*** Block opens ***

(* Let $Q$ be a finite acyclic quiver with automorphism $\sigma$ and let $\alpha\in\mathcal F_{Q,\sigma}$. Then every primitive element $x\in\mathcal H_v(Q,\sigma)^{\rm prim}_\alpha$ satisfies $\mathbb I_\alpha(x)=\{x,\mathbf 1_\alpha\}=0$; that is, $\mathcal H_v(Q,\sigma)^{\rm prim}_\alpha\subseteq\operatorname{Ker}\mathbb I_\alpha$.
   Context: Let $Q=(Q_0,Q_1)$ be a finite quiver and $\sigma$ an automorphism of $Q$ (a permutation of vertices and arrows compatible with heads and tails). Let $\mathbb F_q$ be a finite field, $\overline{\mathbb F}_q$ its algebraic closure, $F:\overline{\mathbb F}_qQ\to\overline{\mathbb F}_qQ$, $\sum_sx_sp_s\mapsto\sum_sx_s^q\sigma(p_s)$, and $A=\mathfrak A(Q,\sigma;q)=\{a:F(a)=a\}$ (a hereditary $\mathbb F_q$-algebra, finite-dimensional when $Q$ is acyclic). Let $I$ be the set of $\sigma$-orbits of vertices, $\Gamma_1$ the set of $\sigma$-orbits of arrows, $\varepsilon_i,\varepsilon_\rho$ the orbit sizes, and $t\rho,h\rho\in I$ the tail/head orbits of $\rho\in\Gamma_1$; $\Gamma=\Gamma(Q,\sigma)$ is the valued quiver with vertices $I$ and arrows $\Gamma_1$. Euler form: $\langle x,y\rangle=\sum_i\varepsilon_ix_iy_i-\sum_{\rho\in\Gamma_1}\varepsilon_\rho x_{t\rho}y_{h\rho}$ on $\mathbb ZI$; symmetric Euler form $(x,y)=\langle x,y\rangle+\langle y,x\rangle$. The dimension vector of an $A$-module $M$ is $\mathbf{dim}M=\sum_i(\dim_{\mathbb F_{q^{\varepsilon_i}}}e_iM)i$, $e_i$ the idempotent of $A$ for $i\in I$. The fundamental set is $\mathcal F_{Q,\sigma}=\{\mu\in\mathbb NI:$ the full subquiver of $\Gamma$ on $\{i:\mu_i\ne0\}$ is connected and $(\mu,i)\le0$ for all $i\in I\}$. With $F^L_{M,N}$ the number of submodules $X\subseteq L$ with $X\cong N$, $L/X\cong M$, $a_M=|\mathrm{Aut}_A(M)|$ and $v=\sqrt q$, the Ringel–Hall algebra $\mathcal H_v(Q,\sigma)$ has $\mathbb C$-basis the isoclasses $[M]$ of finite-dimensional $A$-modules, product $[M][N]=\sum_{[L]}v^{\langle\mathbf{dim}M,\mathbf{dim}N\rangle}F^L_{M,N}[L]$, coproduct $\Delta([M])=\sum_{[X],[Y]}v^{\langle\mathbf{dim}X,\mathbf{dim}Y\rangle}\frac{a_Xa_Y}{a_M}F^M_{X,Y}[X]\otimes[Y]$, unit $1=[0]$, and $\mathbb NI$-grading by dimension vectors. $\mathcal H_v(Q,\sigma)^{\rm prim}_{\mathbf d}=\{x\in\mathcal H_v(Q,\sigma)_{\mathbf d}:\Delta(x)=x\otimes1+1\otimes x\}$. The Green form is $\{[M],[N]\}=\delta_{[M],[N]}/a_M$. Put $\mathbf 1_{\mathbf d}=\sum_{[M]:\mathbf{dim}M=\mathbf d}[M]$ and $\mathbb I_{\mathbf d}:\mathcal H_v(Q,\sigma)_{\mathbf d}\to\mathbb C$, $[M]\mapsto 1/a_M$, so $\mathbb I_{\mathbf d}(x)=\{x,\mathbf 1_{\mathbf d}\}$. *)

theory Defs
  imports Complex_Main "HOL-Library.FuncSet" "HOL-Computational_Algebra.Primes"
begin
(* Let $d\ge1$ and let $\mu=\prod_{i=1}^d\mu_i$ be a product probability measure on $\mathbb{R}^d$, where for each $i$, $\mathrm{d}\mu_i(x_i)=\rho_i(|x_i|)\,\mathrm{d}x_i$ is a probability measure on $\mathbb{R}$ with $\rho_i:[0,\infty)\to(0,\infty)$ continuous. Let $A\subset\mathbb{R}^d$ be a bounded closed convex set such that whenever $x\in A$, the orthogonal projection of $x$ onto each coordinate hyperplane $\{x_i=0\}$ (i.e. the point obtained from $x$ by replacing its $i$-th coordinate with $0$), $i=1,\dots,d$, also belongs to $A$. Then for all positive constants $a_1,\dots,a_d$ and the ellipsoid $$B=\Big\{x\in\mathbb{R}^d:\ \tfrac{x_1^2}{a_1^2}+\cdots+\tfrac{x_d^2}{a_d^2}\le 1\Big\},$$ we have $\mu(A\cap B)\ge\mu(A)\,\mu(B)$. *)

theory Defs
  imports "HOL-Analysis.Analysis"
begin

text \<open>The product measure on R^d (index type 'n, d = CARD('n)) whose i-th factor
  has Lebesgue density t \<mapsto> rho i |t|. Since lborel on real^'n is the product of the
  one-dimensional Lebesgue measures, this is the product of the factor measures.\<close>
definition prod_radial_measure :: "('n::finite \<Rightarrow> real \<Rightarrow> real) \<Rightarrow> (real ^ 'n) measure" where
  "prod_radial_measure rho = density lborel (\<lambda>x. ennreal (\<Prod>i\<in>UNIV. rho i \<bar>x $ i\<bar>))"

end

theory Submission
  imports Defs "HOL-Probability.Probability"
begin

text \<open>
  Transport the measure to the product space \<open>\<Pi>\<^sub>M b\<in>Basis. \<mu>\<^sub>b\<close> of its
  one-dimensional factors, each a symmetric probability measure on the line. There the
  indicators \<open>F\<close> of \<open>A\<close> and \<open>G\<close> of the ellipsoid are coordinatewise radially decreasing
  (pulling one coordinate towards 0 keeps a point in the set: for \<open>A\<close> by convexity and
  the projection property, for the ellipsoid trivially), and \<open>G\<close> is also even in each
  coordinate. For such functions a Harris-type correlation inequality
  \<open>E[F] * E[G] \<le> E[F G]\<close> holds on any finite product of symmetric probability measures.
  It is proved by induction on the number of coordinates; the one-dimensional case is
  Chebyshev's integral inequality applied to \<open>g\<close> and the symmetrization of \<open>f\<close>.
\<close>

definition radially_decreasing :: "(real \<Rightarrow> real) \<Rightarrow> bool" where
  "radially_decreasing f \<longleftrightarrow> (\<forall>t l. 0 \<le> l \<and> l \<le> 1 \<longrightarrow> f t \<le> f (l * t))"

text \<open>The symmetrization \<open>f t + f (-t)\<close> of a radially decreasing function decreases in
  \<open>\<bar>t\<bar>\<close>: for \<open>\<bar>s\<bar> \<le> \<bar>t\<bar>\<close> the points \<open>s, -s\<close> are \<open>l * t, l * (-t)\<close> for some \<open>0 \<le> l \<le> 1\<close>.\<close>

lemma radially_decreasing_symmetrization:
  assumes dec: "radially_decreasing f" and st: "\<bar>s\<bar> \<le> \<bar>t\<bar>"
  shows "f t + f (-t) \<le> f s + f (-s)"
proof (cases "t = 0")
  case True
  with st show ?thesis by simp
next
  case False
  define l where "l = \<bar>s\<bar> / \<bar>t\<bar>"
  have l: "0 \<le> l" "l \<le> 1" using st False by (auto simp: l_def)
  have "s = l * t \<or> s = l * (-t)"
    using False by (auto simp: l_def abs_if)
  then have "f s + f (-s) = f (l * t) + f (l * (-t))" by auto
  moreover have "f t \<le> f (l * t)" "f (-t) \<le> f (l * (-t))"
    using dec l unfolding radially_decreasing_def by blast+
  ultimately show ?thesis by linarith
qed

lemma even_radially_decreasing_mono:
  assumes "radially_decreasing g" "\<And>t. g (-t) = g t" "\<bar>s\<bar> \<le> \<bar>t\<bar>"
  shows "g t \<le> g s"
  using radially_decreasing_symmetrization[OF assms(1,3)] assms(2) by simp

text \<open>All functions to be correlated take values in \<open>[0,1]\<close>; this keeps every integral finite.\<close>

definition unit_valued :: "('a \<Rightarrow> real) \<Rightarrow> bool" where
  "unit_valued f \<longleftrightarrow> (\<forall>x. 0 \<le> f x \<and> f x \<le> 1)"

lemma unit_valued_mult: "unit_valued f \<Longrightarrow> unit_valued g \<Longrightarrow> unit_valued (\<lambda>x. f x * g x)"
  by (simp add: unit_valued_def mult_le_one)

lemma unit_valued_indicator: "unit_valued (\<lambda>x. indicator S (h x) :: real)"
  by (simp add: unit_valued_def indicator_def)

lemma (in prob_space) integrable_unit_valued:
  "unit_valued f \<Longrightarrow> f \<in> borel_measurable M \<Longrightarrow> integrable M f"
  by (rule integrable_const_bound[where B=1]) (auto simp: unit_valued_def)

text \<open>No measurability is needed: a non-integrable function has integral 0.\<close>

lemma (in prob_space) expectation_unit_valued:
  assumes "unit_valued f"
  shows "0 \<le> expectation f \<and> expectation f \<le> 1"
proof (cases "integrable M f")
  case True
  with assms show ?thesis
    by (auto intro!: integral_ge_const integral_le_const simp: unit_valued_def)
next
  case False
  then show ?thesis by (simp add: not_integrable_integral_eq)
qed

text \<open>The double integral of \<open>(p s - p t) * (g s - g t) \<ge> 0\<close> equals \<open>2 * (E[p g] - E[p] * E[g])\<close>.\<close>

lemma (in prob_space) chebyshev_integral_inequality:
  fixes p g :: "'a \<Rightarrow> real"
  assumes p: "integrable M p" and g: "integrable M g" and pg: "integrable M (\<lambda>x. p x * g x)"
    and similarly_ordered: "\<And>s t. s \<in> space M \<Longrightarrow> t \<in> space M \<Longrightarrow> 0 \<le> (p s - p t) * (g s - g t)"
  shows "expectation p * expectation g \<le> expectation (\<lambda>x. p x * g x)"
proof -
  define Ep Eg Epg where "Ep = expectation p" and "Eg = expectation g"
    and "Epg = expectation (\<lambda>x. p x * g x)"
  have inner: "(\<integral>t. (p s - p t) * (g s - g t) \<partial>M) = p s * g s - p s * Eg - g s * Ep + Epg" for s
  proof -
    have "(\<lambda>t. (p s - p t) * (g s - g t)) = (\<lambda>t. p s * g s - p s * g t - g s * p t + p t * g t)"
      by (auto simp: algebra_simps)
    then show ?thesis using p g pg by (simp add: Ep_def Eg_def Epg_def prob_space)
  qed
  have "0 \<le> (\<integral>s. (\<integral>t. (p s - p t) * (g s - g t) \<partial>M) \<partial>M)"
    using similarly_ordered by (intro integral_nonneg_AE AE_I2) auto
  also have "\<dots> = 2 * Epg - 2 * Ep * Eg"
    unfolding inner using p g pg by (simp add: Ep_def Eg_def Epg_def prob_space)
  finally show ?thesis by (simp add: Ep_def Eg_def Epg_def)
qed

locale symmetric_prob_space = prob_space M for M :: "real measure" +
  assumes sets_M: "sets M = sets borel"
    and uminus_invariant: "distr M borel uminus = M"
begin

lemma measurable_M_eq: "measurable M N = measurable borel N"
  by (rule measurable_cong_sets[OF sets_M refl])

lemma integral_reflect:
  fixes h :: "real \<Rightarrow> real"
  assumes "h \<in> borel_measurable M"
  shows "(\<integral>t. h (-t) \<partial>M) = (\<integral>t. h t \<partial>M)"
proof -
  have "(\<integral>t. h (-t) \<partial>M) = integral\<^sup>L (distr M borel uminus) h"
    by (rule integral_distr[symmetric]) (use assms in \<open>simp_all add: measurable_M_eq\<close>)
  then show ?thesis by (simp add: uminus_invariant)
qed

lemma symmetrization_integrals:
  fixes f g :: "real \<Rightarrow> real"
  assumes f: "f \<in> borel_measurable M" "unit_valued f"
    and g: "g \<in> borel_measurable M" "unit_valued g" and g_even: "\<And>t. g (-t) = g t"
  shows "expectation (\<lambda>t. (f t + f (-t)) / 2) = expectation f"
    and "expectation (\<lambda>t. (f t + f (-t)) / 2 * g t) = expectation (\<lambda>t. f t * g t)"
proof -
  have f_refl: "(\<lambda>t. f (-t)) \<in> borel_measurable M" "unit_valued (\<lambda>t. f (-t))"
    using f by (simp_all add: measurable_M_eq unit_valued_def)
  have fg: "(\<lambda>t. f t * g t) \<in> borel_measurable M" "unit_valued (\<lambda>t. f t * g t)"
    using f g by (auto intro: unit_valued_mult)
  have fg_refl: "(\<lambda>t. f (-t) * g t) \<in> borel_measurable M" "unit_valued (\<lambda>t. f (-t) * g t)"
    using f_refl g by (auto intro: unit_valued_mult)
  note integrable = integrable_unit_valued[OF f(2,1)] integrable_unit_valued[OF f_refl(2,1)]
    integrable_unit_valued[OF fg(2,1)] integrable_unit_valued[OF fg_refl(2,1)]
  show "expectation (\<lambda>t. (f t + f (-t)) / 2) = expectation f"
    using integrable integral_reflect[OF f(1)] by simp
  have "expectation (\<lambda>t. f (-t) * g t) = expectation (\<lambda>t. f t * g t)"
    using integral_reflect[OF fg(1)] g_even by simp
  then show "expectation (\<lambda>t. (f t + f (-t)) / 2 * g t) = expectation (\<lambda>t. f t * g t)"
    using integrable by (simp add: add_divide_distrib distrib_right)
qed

*** Block closes ***

§ Your goal:
Only one stretch of the entries above is wanted: the lines from the one containing "indicators \<open>F\<close> of" through the one containing "f \<longleftrightarrow> (\<forall>t". Please reproduce it exactly.

§ Exercise output:
  indicators \<open>F\<close> of \<open>A\<close> and \<open>G\<close> of the ellipsoid are coordinatewise radially decreasing
  (pulling one coordinate towards 0 keeps a point in the set: for \<open>A\<close> by convexity and
  the projection property, for the ellipsoid trivially), and \<open>G\<close> is also even in each
  coordinate. For such functions a Harris-type correlation inequality
  \<open>E[F] * E[G] \<le> E[F G]\<close> holds on any finite product of symmetric probability measures.
  It is proved by induction on the number of coordinates; the one-dimensional case is
  Chebyshev's integral inequality applied to \<open>g\<close> and the symmetrization of \<open>f\<close>.
\<close>

definition radially_decreasing :: "(real \<Rightarrow> real) \<Rightarrow> bool" where
  "radially_decreasing f \<longleftrightarrow> (\<forall>t l. 0 \<le> l \<and> l \<le> 1 \<longrightarrow> f t \<le> f (l * t))"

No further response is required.